RECORDS SUPPLIED:
lemma sqnorm_l_noise1_le:
  fixes T :: nat and Q :: "'s::finite \<times> 's \<times> nat \<Rightarrow> 'a::finite \<Rightarrow> real"
  defines "c \<equiv> real (card (Sl T :: ('s \<times> 's \<times> nat) set))"
  assumes next_in: "\<forall>sl\<in>Sl T. \<forall>a. nexts sl a \<in> Sl T"
    and Pl_nonneg: "\<And>sl a sp. 0 \<le> Pl T P pih sl a sp" and Pl_le_1: "\<And>sl a sp. Pl T P pih sl a sp \<le> 1"
  shows "sqnorm_l T (noise1 T gl P pih Q nexts) \<le> c * real CARD('a) * ((gl * (1 + c))\<^sup>2 * sqnorm_l T Q)"
  unfolding c_def
proof (rule sqnorm_l_le_card)
  fix sl :: "'s \<times> 's \<times> nat" and a :: 'a assume "sl \<in> Sl T"
  with next_in show "(noise1 T gl P pih Q nexts sl a)\<^sup>2
      \<le> (gl * (1 + real (card (Sl T :: ('s \<times> 's \<times> nat) set))))\<^sup>2 * sqnorm_l T Q"
    by (intro noise1_sq_le Pl_nonneg Pl_le_1) auto
qed

section \<open>Segments of the high-level process\<close>

text \<open>A segment is identified with its states at times 0..T and its actions at times 0..T-1;
  restricting to these times makes the set of segments finite.\<close>

definition seg_paths :: "nat \<Rightarrow> ((nat \<Rightarrow> 's) \<times> (nat \<Rightarrow> 'a)) set" where
  "seg_paths T = PiE {..T} (\<lambda>_. UNIV) \<times> seg_actions T"

definition seg_target :: "nat \<Rightarrow> real \<Rightarrow> ('s \<Rightarrow> 'a \<Rightarrow> real) \<Rightarrow> ('s \<Rightarrow> real) \<Rightarrow> (nat \<Rightarrow> 's) \<Rightarrow> (nat \<Rightarrow> 'a) \<Rightarrow> real" where
  "seg_target T gh r v ss as = gh ^ T * v (ss T) + (\<Sum>k<T. gh ^ k * r (ss k) (as k))"

lemma noise2_eq_seg_target:
  "noise2 T gh P r pil Q segS segA s w = seg_target T gh r (maxQ Q) (segS s w) (segA s w)
    - (gh ^ T * (\<Sum>sp\<in>UNIV. Ph T P pil s w sp * maxQ Q sp) + rh T gh P r pil s w)"
  by (simp add: noise2_def seg_target_def)

lemma seg_target_restrict:
  "seg_target T gh r v (restrict ss {..T}) (restrict as {..<T}) = seg_target T gh r v ss as"
  unfolding seg_target_def by (auto intro!: sum.cong)

lemma borel_measurable_seg_target:
  fixes v :: "'w \<Rightarrow> 's::countable \<Rightarrow> real" and ss :: "'w \<Rightarrow> nat \<Rightarrow> 's" and as :: "'w \<Rightarrow> nat \<Rightarrow> 'a::countable"
  assumes v: "\<And>x. (\<lambda>\<omega>. v \<omega> x) \<in> borel_measurable N"
    and ss: "\<And>k. (\<lambda>\<omega>. ss \<omega> k) \<in> measurable N (count_space UNIV)"
    and as: "\<And>k. (\<lambda>\<omega>. as \<omega> k) \<in> measurable N (count_space UNIV)"
  shows "(\<lambda>\<omega>. seg_target T gh r (v \<omega>) (ss \<omega>) (as \<omega>)) \<in> borel_measurable N"
proof -
  have "(\<lambda>\<omega>. v \<omega> (ss \<omega> T)) \<in> borel_measurable N"
    using measurable_compose_countable[where f="\<lambda>x \<omega>. v \<omega> x", OF v ss] .
  moreover have "(\<lambda>\<omega>. r (ss \<omega> k) (as \<omega> k)) \<in> borel_measurable N" for k
  proof -
    have "(\<lambda>\<omega>. r x (as \<omega> k)) \<in> borel_measurable N" for x
      using measurable_compose[OF as[of k], of "r x" borel] by simp
    then show ?thesis
      using measurable_compose_countable[where f="\<lambda>x \<omega>. r x (as \<omega> k)", OF _ ss[of k]] by simp
  qed
  ultimately show ?thesis unfolding seg_target_def by measurable
qed

lemma finite_seg_paths [simp]: "finite (seg_paths T :: ((nat \<Rightarrow> 's::finite) \<times> (nat \<Rightarrow> 'a::finite)) set)"
  unfolding seg_paths_def seg_actions_def by (intro finite_cartesian_product finite_PiE) auto

lemma restrict_mem_seg_paths: "(restrict f {..T}, restrict g {..<T}) \<in> seg_paths T"
  by (simp add: seg_paths_def seg_actions_def)

lemma restrict_eq_seg_path_iff:
  assumes "(ss, as) \<in> seg_paths T"
  shows "(restrict f {..T}, restrict g {..<T}) = (ss, as) \<longleftrightarrow> (\<forall>k\<le>T. f k = ss k) \<and> (\<forall>k<T. g k = as k)"
  using assms by (auto simp: seg_paths_def seg_actions_def PiE_def extensional_def fun_eq_iff)

lemma restrict_seg_path_event:
  assumes "x \<in> seg_paths T"
  shows "{\<omega>. (restrict (ss \<omega>) {..T}, restrict (as \<omega>) {..<T}) = x}
    = {\<omega>. (\<forall>k\<le>T. ss \<omega> k = fst x k) \<and> (\<forall>k<T. as \<omega> k = snd x k)}"
  using restrict_eq_seg_path_iff[of "fst x" "snd x"] assms by simp
(* Let $q\in\mathbb{C}$, $|q|<1$. For all $u,v\in\mathfrak{A}^0_{\mathrm{G}}$, $$\mathfrak{z}_q[u*_{\mathrm{G}}v]=\mathfrak{z}_q[u\sqcup\!\sqcup v]=\mathfrak{z}_q[u]\,\mathfrak{z}_q[v].$$
   Context: Let $Y_{\mathrm{G}}=\{z_{t,s}:t,s\in\mathbb{Z},\,0\le t\le s\}$ and $\mathfrak{A}_{\mathrm{G}}$ the free noncommutative $\mathbb{Q}$-algebra on $Y_{\mathrm{G}}$ (unit $\mathbf{1}$). $\mathfrak{A}^0_{\mathrm{G}}$ is the span of words $z_{t_1,s_1}\cdots z_{t_d,s_d}$ ($d\ge1$) with $t_1\ge1$. The stuffle $*_{\mathrm{G}}$ is bilinear with $\mathbf{1}*u=u*\mathbf{1}=u$ and $(z_{t,s}u)*(z_{t',s'}v)=z_{t,s}(u*z_{t',s'}v)+z_{t',s'}(z_{t,s}u*v)+z_{t+t',s+s'}(u*v)$. Map $\mathfrak{A}_{\mathrm{G}}$ into $\mathbb{Q}\langle\pi,y\rangle$ by the algebra homomorphism $z_{t,s}\mapsto\rho^t\pi^{s-t}y$, $\rho=\pi-\mathbf{1}$; elements of $\mathfrak{A}_{\mathrm{G}}$ are identified with their images. The shuffle $\sqcup\!\sqcup$ on $\mathbb{Q}\langle\pi,y\rangle$: bilinear, $\mathbf{1}\sqcup\!\sqcup u=u\sqcup\!\sqcup\mathbf{1}=u$, $(yu)\sqcup\!\sqcup v=u\sqcup\!\sqcup(yv)=y(u\sqcup\!\sqcup v)$, $\pi u\sqcup\!\sqcup\pi v=\pi(u\sqcup\!\sqcup\pi v)+\pi(\pi u\sqcup\!\sqcup v)-\pi(u\sqcup\!\sqcup v)$. Realization: let $\Phi$ be the algebra homomorphism from $\mathbb{Q}\langle\pi,y\rangle$ to operators on power series in $t$ with $\Phi(\pi)=\mathbf{P}$, $\mathbf{P}[f](t)=\sum_{k\ge0}f(q^kt)$, and $\Phi(y)=$ multiplication by $t/(1-t)$; for $W$ in the image of $\mathfrak{A}^0_{\mathrm{G}}$ set $\mathfrak{z}_q[W]=\Phi(W)[1]$ evaluated at $t=1$. (For a word, $\mathfrak{z}_q[z_{t_1,s_1}\cdots z_{t_d,s_d}]=\sum_{k_1>\dots>k_d>0}\prod_j q^{k_jt_j}(1-q^{k_j})^{-s_j}$.) *)

theory Defs
  imports Complex_Main "HOL-Computational_Algebra.Formal_Power_Series"
begin

(* Formal Q-linear combinations of words, represented as lists of (word, coefficient). *)
type_synonym 'w fsum = "('w \<times> rat) list"

definition fscale :: "rat \<Rightarrow> 'w fsum \<Rightarrow> 'w fsum" where
  "fscale c U = map (\<lambda>(w, a). (w, c * a)) U"

definition fprefix :: "'l \<Rightarrow> 'l list fsum \<Rightarrow> 'l list fsum" where
  "fprefix x U = map (\<lambda>(w, a). (x # w, a)) U"

definition fmul :: "'l list fsum \<Rightarrow> 'l list fsum \<Rightarrow> 'l list fsum" where
  "fmul U V = concat (map (\<lambda>(w, a). map (\<lambda>(w', b). (w @ w', a * b)) V) U)"

primrec fpow :: "'l list fsum \<Rightarrow> nat \<Rightarrow> 'l list fsum" where
  "fpow U 0 = [([], 1)]"
| "fpow U (Suc n) = fmul U (fpow U n)"

definition bilin :: "('v \<Rightarrow> 'v \<Rightarrow> 'w fsum) \<Rightarrow> 'v fsum \<Rightarrow> 'v fsum \<Rightarrow> 'w fsum" where
  "bilin f U V = concat (map (\<lambda>(w, a). concat (map (\<lambda>(w', b). fscale (a * b) (f w w')) V)) U)"

(* ---------- the algebra A_G : letters z_{t,s} encoded as pairs (t,s) ---------- *)
type_synonym zword = "(nat \<times> nat) list"

definition valid_zword :: "zword \<Rightarrow> bool" where
  "valid_zword w \<longleftrightarrow> (\<forall>(t, s) \<in> set w. t \<le> s)"

definition A0 :: "zword fsum set" where
  "A0 = {U. \<forall>(w, a) \<in> set U. valid_zword w \<and> w \<noteq> [] \<and> fst (hd w) \<ge> 1}"

fun stuffle_w :: "zword \<Rightarrow> zword \<Rightarrow> zword fsum" where
  "stuffle_w [] v = [(v, 1)]"
| "stuffle_w u [] = [(u, 1)]"
| "stuffle_w (a # u) (b # v) =
     fprefix a (stuffle_w u (b # v)) @ fprefix b (stuffle_w (a # u) v)
     @ fprefix (fst a + fst b, snd a + snd b) (stuffle_w u v)"

definition stuffle :: "zword fsum \<Rightarrow> zword fsum \<Rightarrow> zword fsum" where
  "stuffle = bilin stuffle_w"

datatype pyl = Pi | Y

fun shuffle_w :: "pyl list \<Rightarrow> pyl list \<Rightarrow> pyl list fsum" where
  "shuffle_w [] v = [(v, 1)]"
| "shuffle_w u [] = [(u, 1)]"
| "shuffle_w (Y # u) v = fprefix Y (shuffle_w u v)"
| "shuffle_w (Pi # u) (Y # v) = fprefix Y (shuffle_w (Pi # u) v)"
| "shuffle_w (Pi # u) (Pi # v) =
     fprefix Pi (shuffle_w u (Pi # v)) @ fprefix Pi (shuffle_w (Pi # u) v)
     @ fscale (-1) (fprefix Pi (shuffle_w u v))"

definition shuffle :: "pyl list fsum \<Rightarrow> pyl list fsum \<Rightarrow> pyl list fsum" where
  "shuffle = bilin shuffle_w"

definition rho :: "pyl list fsum" where
  "rho = [([Pi], 1), ([], -1)]"

definition img_letter :: "nat \<times> nat \<Rightarrow> pyl list fsum" where
  "img_letter ts = fmul (fpow rho (fst ts)) (fmul (fpow [([Pi], 1)] (snd ts - fst ts)) [([Y], 1)])"

definition img_word :: "zword \<Rightarrow> pyl list fsum" where
  "img_word w = foldr (\<lambda>l acc. fmul (img_letter l) acc) w [([], 1)]"

definition img :: "zword fsum \<Rightarrow> pyl list fsum" where
  "img U = concat (map (\<lambda>(w, a). fscale a (img_word w)) U)"

(* P[f](t) = sum_k f(q^k t), acting on power series: t^n |-> t^n/(1-q^n) *)
definition Pop :: "complex \<Rightarrow> complex fps \<Rightarrow> complex fps" where
  "Pop q f = Abs_fps (\<lambda>n. fps_nth f n / (1 - q ^ n))"

definition Yop :: "complex fps \<Rightarrow> complex fps" where
  "Yop f = fps_X * inverse (1 - fps_X) * f"

primrec Phi_letter :: "complex \<Rightarrow> pyl \<Rightarrow> complex fps \<Rightarrow> complex fps" where
  "Phi_letter q Pi f = Pop q f"
| "Phi_letter q Y f = Yop f"

primrec Phi_word :: "complex \<Rightarrow> pyl list \<Rightarrow> complex fps \<Rightarrow> complex fps" where
  "Phi_word q [] f = f"
| "Phi_word q (x # w) f = Phi_letter q x (Phi_word q w f)"

definition Phi_one :: "complex \<Rightarrow> pyl list fsum \<Rightarrow> complex fps" where
  "Phi_one q W = (\<Sum>(w, a) \<leftarrow> W. fps_const (of_rat a) * Phi_word q w 1)"

definition zq :: "complex \<Rightarrow> pyl list fsum \<Rightarrow> complex" where
  "zq q W = (\<Sum>n. fps_nth (Phi_one q W) n)"

end

(*
  The realization turns a word into an iterated nested sum: P divides the coefficient of t^n
  by 1 - q^n and y takes partial sums, so z_{t,s} acts on t^n, after a partial sum, by the
  weight (q^n/(1 - q^n))^t / (1 - q^n)^(s-t).  The shuffle of Q<pi, y> is built so that
  Phi(u shuffle v)[1] = Phi(u)[1] * Phi(v)[1] holds already for power series, the key point being
  the product rule of P on series vanishing at t = 0.  The stuffle instead is exactly the product
  of the sums truncated at k_1 < N, because the weights are multiplicative in (t, s).  For t_1 >= 1
  the coefficients decay geometrically, so all series converge absolutely at t = 1, and both
  evaluations at t = 1 become products of limits (of partial sums, resp. of a Cauchy product).
*)

theory Submission
  imports Defs
begin

unbundle fps_syntax

section \<open>Linear evaluation of formal sums\<close>

definition fsum_eval :: "(rat \<Rightarrow> 'a::comm_ring_1) \<Rightarrow> ('w \<Rightarrow> 'a) \<Rightarrow> 'w fsum \<Rightarrow> 'a" where
  "fsum_eval h g X = (\<Sum>(w, a) \<leftarrow> X. h a * g w)"

lemma fsum_eval_Nil [simp]: "fsum_eval h g [] = 0"
  by (simp add: fsum_eval_def)

lemma fsum_eval_Cons [simp]: "fsum_eval h g ((w, a) # X) = h a * g w + fsum_eval h g X"
  by (simp add: fsum_eval_def)

lemma fsum_eval_append [simp]: "fsum_eval h g (X @ Z) = fsum_eval h g X + fsum_eval h g Z"
  by (simp add: fsum_eval_def)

ACTION ITEM: The lines to report are those in the material above that contain the word "concat"; copy every one of them.

EXERCISE RESPONSE:
  "fmul U V = concat (map (\<lambda>(w, a). map (\<lambda>(w', b). (w @ w', a * b)) V) U)"
  "bilin f U V = concat (map (\<lambda>(w, a). concat (map (\<lambda>(w', b). fscale (a * b) (f w w')) V)) U)"
  "img U = concat (map (\<lambda>(w, a). fscale a (img_word w)) U)"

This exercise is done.